What you are asked to do
Where the word "shifted" shows up in the entries below, please copy the whole line.

Data shown

-*-

lemma sum_norm_exp_sum_shift_le:
  fixes H :: nat and u :: real
  assumes "2 \<le> k"
    and IH: "\<And>F X Y lam Lam. has_cont_derivs_upto k F {X<..X+Y} \<Longrightarrow> 1 \<le> Y \<Longrightarrow> 0 < lam \<Longrightarrow>
               (\<And>x. x \<in> {X<..X+Y} \<Longrightarrow> lam \<le> F k x \<and> F k x \<le> Lam) \<Longrightarrow>
               norm (exp_sum (F 0) X Y) \<le> vdc_const k * vdc_bound k Y lam Lam"
    and F: "has_cont_derivs_upto (Suc k) F {X<..X+Y}"
    and bounds: "\<And>x. x \<in> {X<..X+Y} \<Longrightarrow> lam \<le> F (Suc k) x \<and> F (Suc k) x \<le> Lam"
    and "0 < lam" "lam \<le> Lam" "u \<le> H" "real H \<le> u + 1" "u \<le> 4/25 * Y" "20 \<le> Y"
    and u: "u = lam powr (- 2 * vdc_alpha (Suc k))"
  shows "(\<Sum>h\<in>{1..<H}. norm (exp_sum (\<lambda>x. F 0 (x + real h) - F 0 x) X (Y - real h)))
           \<le> vdc_const k * ((real H - 1) * (Y * (Lam / lam) powr vdc_theta k / u)
                             + Y powr (1 - vdc_theta k) * H * u / (1 - vdc_alpha k))"
proof -
  have "norm (exp_sum (\<lambda>x. F 0 (x + real h) - F 0 x) X (Y - real h))
          \<le> vdc_const k * vdc_bound k (Y - real h) (real h * lam) (real h * Lam)" if "h \<in> {1..<H}" for h
  proof -
    have "1 \<le> real h" "real h + 1 \<le> real H" using that by auto
    then have "real h < Y" "1 \<le> Y - real h" using assms(7-10) by auto
    have shifted: "has_cont_derivs_upto k (\<lambda>j x. F j (x + real h) - F j x) {X<..X + (Y - real h)}"
      using has_cont_derivs_upto_shift_diff[OF F, of "real h"] by simp
    have "real h * lam \<le> F k (x + real h) - F k x \<and> F k (x + real h) - F k x \<le> real h * Lam"
      if "x \<in> {X<..X + (Y - real h)}" for x
      using has_cont_derivs_upto_diff_bounds[OF F _ bounds, of x "x + real h"] that
      by (simp add: mult.commute)
    then show ?thesis using IH[OF shifted \<open>1 \<le> Y - real h\<close>] \<open>1 \<le> real h\<close> \<open>0 < lam\<close> by simp
  qed
  then have "(\<Sum>h\<in>{1..<H}. norm (exp_sum (\<lambda>x. F 0 (x + real h) - F 0 x) X (Y - real h)))
               \<le> vdc_const k * (\<Sum>h\<in>{1..<H}. vdc_bound k (Y - real h) (real h * lam) (real h * Lam))"
    unfolding sum_distrib_left by (rule sum_mono)
  also have "\<dots> \<le> vdc_const k * ((real H - 1) * (Y * (Lam / lam) powr vdc_theta k / u)
                             + Y powr (1 - vdc_theta k) * H * u / (1 - vdc_alpha k))"
    using assms(1,5-10) u vdc_const_ge_five[of k]
    by (intro mult_left_mono sum_vdc_bound_shift_le) auto
  finally show ?thesis .
qed

lemma exp_sum_le_vdc_bound_Suc_by_differencing:
  assumes "2 \<le> k"
    and IH: "\<And>F X Y lam Lam. has_cont_derivs_upto k F {X<..X+Y} \<Longrightarrow> 1 \<le> Y \<Longrightarrow> 0 < lam \<Longrightarrow>
               (\<And>x. x \<in> {X<..X+Y} \<Longrightarrow> lam \<le> F k x \<and> F k x \<le> Lam) \<Longrightarrow>
               norm (exp_sum (F 0) X Y) \<le> vdc_const k * vdc_bound k Y lam Lam"
    and F: "has_cont_derivs_upto (Suc k) F {X<..X+Y}" and "1 \<le> Y" "0 < lam"
    and bounds: "\<And>x. x \<in> {X<..X+Y} \<Longrightarrow> lam \<le> F (Suc k) x \<and> F (Suc k) x \<le> Lam"
    and "lam < 1" "20 \<le> Y" "lam powr (- 2 * vdc_alpha (Suc k)) \<le> 4/25 * Y"
  shows "norm (exp_sum (F 0) X Y) \<le> vdc_const (Suc k) * vdc_bound (Suc k) Y lam Lam"
proof -
  define u where "u = lam powr (- 2 * vdc_alpha (Suc k))"
  have "lam \<le> Lam" using bounds[of "X + Y"] \<open>1 \<le> Y\<close> by simp
  have "u \<le> 4/25 * Y" using assms(9) unfolding u_def .
  have "1 \<le> u" unfolding u_def using \<open>lam < 1\<close> \<open>0 < lam\<close> vdc_exponent_bounds[of "Suc k"] assms(1)
    by (auto intro!: ge_one_powr_ge_zero simp: powr_minus one_le_inverse_iff powr_le1)
  \<comment> \<open>\<open>H \<approx> u\<close> balances the diagonal term \<open>Y\<^sup>2 / H\<close> of the differencing against the shifted sums.\<close>
  define H where "H = nat \<lceil>u\<rceil>"
  have "u \<le> H" "real H \<le> u + 1" "1 \<le> H" unfolding H_def using \<open>1 \<le> u\<close> by linarith+
  define N where "N = real (card {n::int. X < of_int n \<and> of_int n \<le> X + Y})"
  have "0 \<le> N" "N \<le> Y + 1" unfolding N_def using card_int_Ioc_le[of Y X] \<open>1 \<le> Y\<close> by auto
  have "Y \<le> u * (Y * (Lam / lam) powr vdc_theta k / u)"
    using \<open>1 \<le> u\<close> \<open>1 \<le> Y\<close> \<open>0 < lam\<close> \<open>lam \<le> Lam\<close> vdc_exponent_bounds[OF assms(1)]
    by (simp add: ge_one_powr_ge_zero)
  have "norm (exp_sum (F 0) X Y) \<le> vdc_const (Suc k) *
          (sqrt (Y * (Y * (Lam / lam) powr vdc_theta k / u)) + sqrt (Y * (Y powr (1 - vdc_theta k) * u)))"
  proof (rule vdc_step_arith)
    show "(real H)\<^sup>2 * (norm (exp_sum (F 0) X Y))\<^sup>2 \<le> (N + real H - 1) * (real H * N + 2 * real H *
            (\<Sum>h\<in>{1..<H}. norm (exp_sum (\<lambda>x. F 0 (x + real h) - F 0 x) X (Y - real h))))"
      unfolding N_def using exp_sum_van_der_corput \<open>1 \<le> Y\<close> \<open>1 \<le> H\<close> by simp
    have "(\<Sum>h\<in>{1..<H}. norm (exp_sum (\<lambda>x. F 0 (x + real h) - F 0 x) X (Y - real h)))
            \<le> vdc_const k * ((real H - 1) * (Y * (Lam / lam) powr vdc_theta k / u)
                               + Y powr (1 - vdc_theta k) * H * u / (1 - vdc_alpha k))"
      using assms(1) IH F bounds \<open>0 < lam\<close> \<open>lam \<le> Lam\<close> \<open>u \<le> H\<close> \<open>real H \<le> u + 1\<close>
        \<open>u \<le> 4/25 * Y\<close> \<open>20 \<le> Y\<close> u_def
      by (rule sum_norm_exp_sum_shift_le)
    then show "(\<Sum>h\<in>{1..<H}. norm (exp_sum (\<lambda>x. F 0 (x + real h) - F 0 x) X (Y - real h)))
            \<le> vdc_const k * ((real H - 1) * (Y * (Lam / lam) powr vdc_theta k / u)
                               + Y powr (1 - vdc_theta k) * u * H * (1 / (1 - vdc_alpha k)))"
      by (simp add: mult_ac)
    show "121/100 * (2 * vdc_const k * (1 / (1 - vdc_alpha k))) \<le> (vdc_const (Suc k))\<^sup>2"
      using vdc_const_Suc(2)[OF assms(1)] by simp
  qed (use \<open>0 \<le> N\<close> \<open>N \<le> Y + 1\<close> \<open>u \<le> H\<close> \<open>real H \<le> u + 1\<close> \<open>1 \<le> u\<close> \<open>u \<le> 4/25 * Y\<close> \<open>20 \<le> Y\<close>
           \<open>Y \<le> u * (Y * (Lam / lam) powr vdc_theta k / u)\<close> vdc_const_Suc(1)[OF assms(1)]
           vdc_const_ge_five[of k] vdc_const_ge_five[of "Suc k"] vdc_exponent_bounds[OF assms(1)] in auto)
  then show ?thesis
    using vdc_bound_Suc_eq[OF assms(1) _ \<open>0 < lam\<close> \<open>lam \<le> Lam\<close> u_def] \<open>1 \<le> Y\<close> by simp
qed

lemma exp_sum_le_vdc_bound_Suc:
  assumes "2 \<le> k"
    and IH: "\<And>F X Y lam Lam. has_cont_derivs_upto k F {X<..X+Y} \<Longrightarrow> 1 \<le> Y \<Longrightarrow> 0 < lam \<Longrightarrow>
               (\<And>x. x \<in> {X<..X+Y} \<Longrightarrow> lam \<le> F k x \<and> F k x \<le> Lam) \<Longrightarrow>
               norm (exp_sum (F 0) X Y) \<le> vdc_const k * vdc_bound k Y lam Lam"
    and F: "has_cont_derivs_upto (Suc k) F {X<..X+Y}" and "1 \<le> Y" "0 < lam"
    and bounds: "\<And>x. x \<in> {X<..X+Y} \<Longrightarrow> lam \<le> F (Suc k) x \<and> F (Suc k) x \<le> Lam"
  shows "norm (exp_sum (F 0) X Y) \<le> vdc_const (Suc k) * vdc_bound (Suc k) Y lam Lam"
proof (cases "1 \<le> lam \<or> Y < 20 \<or> 4/25 * Y < lam powr (- 2 * vdc_alpha (Suc k))")
  case True
  have "lam \<le> Lam" using bounds[of "X + Y"] \<open>1 \<le> Y\<close> by simp
  have "0 \<le> vdc_bound (Suc k) Y lam Lam" using \<open>1 \<le> Y\<close> by (simp add: vdc_bound_def)
  then have "5 * vdc_bound (Suc k) Y lam Lam \<le> vdc_const (Suc k) * vdc_bound (Suc k) Y lam Lam"
    using vdc_const_ge_five by (rule mult_right_mono[rotated])
  moreover have "Y + 1 \<le> 5 * vdc_bound (Suc k) Y lam Lam"
    using True by (rule trivial_le_vdc_bound[OF assms(1,4,5) \<open>lam \<le> Lam\<close>])
  moreover have "norm (exp_sum (F 0) X Y) \<le> Y + 1" using \<open>1 \<le> Y\<close> by (intro norm_exp_sum_le) simp
  ultimately show ?thesis by linarith
next
  case False
  then have "lam < 1" "20 \<le> Y" "lam powr (- 2 * vdc_alpha (Suc k)) \<le> 4/25 * Y" by auto
  with assms show ?thesis by (rule exp_sum_le_vdc_bound_Suc_by_differencing)
qed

-*-

Your solution
    have shifted: "has_cont_derivs_upto k (\<lambda>j x. F j (x + real h) - F j x) {X<..X + (Y - real h)}"
    then show ?thesis using IH[OF shifted \<open>1 \<le> Y - real h\<close>] \<open>1 \<le> real h\<close> \<open>0 < lam\<close> by simp
  \<comment> \<open>\<open>H \<approx> u\<close> balances the diagonal term \<open>Y\<^sup>2 / H\<close> of the differencing against the shifted sums.\<close>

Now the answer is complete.